Even through a storm, God provides answers and people to lean on. It’s most important to use your resources and find your greater power. You can weather any storm if you just believe you can.

A positive mindset outweighs any storm at anytime. And when you blow through the storm, you’ll find calming clarity to act on.

I love my goats more than ever and couldn’t imagine our farmstead without them.

~ Much Love ~



7 Ways to Raise Goats Smarter Not Harder

Wednesday 7th of February 2018

[…] was also experiencing an abortion storm during kidding season that same year. I lost so many preemie kids that I was starting to think I […]

Erin @ A Welder's Wife

Thursday 25th of February 2016

I'm glad you were able to figure out what happened with your herd. Sometimes it is hard to see the light at the end of the tunnel when it seems so dark. The important thing to remember is there is always a light! Thank you for sharing!

Mindy Young @ Farm Fit Living

Thursday 25th of February 2016

Thanks, Erin. It is important with anything to stop and think and to never stop searching for the light.
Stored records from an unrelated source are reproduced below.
lemma (in finite_measure) AE_not_in_if_positive_subsets:
  assumes B: "B \<in> sets M"
    and subset: "measure M B > 0 \<Longrightarrow> \<exists>B'\<in>sets M. B' \<subseteq> B \<and> measure M B' > 0 \<and> (\<forall>\<omega>\<in>B'. Q \<omega>)"
    and AE_Q: "AE \<omega> in M. Q \<omega> \<longrightarrow> \<omega> \<notin> B"
  shows "AE \<omega> in M. \<omega> \<notin> B"
proof (rule ccontr)
  assume "\<not> (AE \<omega> in M. \<omega> \<notin> B)"
  then have "measure M B > 0"
    using B by (auto simp: AE_iff_null_sets[symmetric] emeasure_eq_measure less_le)
  then obtain B' where B': "B' \<in> sets M" "B' \<subseteq> B" "measure M B' > 0" "\<forall>\<omega>\<in>B'. Q \<omega>"
    using subset by blast
  have "AE \<omega> in M. \<omega> \<notin> B'"
    using AE_Q by eventually_elim (use B' in auto)
  then have "measure M B' = 0"
    using B' by (simp add: AE_iff_null_sets[symmetric] measure_eq_0_null_sets)
  with B' show False by simp
qed

lemma zero_class_subset_N0set:
  fixes S :: "nat \<Rightarrow> 'a \<Rightarrow> real^'d" and lam :: "nat \<Rightarrow> 'a \<Rightarrow> real^'d^'d"
  shows "zero_class M \<subseteq> N0set M H S lam t"
proof -
  have "Y \<in> Nset M H S lam t" if "Y \<in> zero_class M" for Y
    using that unfolding zero_class_def Nset_def
    by (intro CollectI conjI bexI[where x = "\<lambda>_. 0"]) (auto simp: Fmap_def)
  moreover have "(\<lambda>\<omega>. - Y \<omega>) \<in> zero_class M" if "Y \<in> zero_class M" for Y :: "'a \<Rightarrow> real^'d"
    using that unfolding zero_class_def by auto
  ultimately show ?thesis
    unfolding N0set_def by blast
qed

lemma N0set_subset_zero_class:
  assumes "finite_measure M" and "subalgebra M (H t)"
    and S_pos: "\<And>\<omega> i. \<omega> \<in> space M \<Longrightarrow> S t \<omega> $ i > 0"
    and lam_nonneg: "\<And>\<omega> i j. \<omega> \<in> space M \<Longrightarrow> lam t \<omega> $ i $ j \<ge> 0"
    and efficient_subsets: "\<And>B. B \<in> sets (H t) \<Longrightarrow> measure M B > 0 \<Longrightarrow>
       \<exists>B'\<in>sets M. B' \<subseteq> B \<and> measure M B' > 0 \<and> (\<forall>\<omega>\<in>B'. efficient_costs (lam t \<omega>))"
  shows "N0set M H S lam t \<subseteq> zero_class M"
proof
  interpret finite_measure M by fact
  have sets_H: "sets (H t) \<subseteq> sets M" and space_H: "space (H t) = space M"
    using \<open>subalgebra M (H t)\<close> by (auto simp: subalgebra_def)
  fix X assume "X \<in> N0set M H S lam t"
  then obtain \<eta>\<^sub>1 \<eta>\<^sub>2 where X_meas: "X \<in> borel_measurable M" and \<eta>\<^sub>1_meas: "\<eta>\<^sub>1 \<in> borel_measurable (H t)"
    and \<eta>_nonneg: "\<forall>\<omega>\<in>space M. \<forall>i j. \<eta>\<^sub>1 \<omega> $ i $ j \<ge> 0" "\<forall>\<omega>\<in>space M. \<forall>i j. \<eta>\<^sub>2 \<omega> $ i $ j \<ge> 0"
    and X_eq: "AE \<omega> in M. X \<omega> = Fmap S lam t \<omega> (\<eta>\<^sub>1 \<omega>)"
    and neg_X_eq: "AE \<omega> in M. - X \<omega> = Fmap S lam t \<omega> (\<eta>\<^sub>2 \<omega>)"
    unfolding N0set_def Nset_def by blast
  define B where "B = {\<omega> \<in> space (H t). \<eta>\<^sub>1 \<omega> \<noteq> 0}"
  have B: "B \<in> sets (H t)"
    unfolding B_def using \<eta>\<^sub>1_meas by measurable
  have "AE \<omega> in M. efficient_costs (lam t \<omega>) \<longrightarrow> \<omega> \<notin> B"
    using X_eq neg_X_eq AE_space
  proof eventually_elim
    case (elim \<omega>)
    have "\<eta>\<^sub>1 \<omega> = 0" if "efficient_costs (lam t \<omega>)"
    proof (rule fmap_tau_opposite_imp_eq_0[OF _ _ _ _ that])
      show "fmap (tau (S t \<omega>)) (lam t \<omega>) (\<eta>\<^sub>1 \<omega>) = - fmap (tau (S t \<omega>)) (lam t \<omega>) (\<eta>\<^sub>2 \<omega>)"
        using elim(1,2) unfolding Fmap_def by (metis minus_minus)
    qed (use S_pos lam_nonneg \<eta>_nonneg elim(3) in auto)
    then show ?case by (simp add: B_def)
  qed
  then have "AE \<omega> in M. \<omega> \<notin> B"
    using efficient_subsets B sets_H by (intro AE_not_in_if_positive_subsets) auto
  then have "AE \<omega> in M. X \<omega> = 0"
    using X_eq AE_space by eventually_elim (simp add: B_def space_H Fmap_def)
  with X_meas show "X \<in> zero_class M"
    by (simp add: zero_class_def)
qed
Because it's there every time.

Meredith Nye (semibalancedmama

Thursday 25th of February 2016

Very interesting post!

Mindy Young @ Farm Fit Living

Thursday 25th of February 2016

Thanks, Meredith! I'm glad you stopped by to read it.

Candy Kage

Thursday 25th of February 2016

I believe tons of people think raising goats or any farm animal is going to be a walk in the park. Glad you figured out what was happening. In farming if its crops or animals it is always a learning process.

Mindy Young @ Farm Fit Living

Thursday 25th of February 2016

That's for sure, Candy! I have found that having a mentor that is an expert in the field is the best secret weapon anyone can have. I'm getting ready to start beekeeping and I don't know what I'm doing. My mentor will be my saving grace for sure.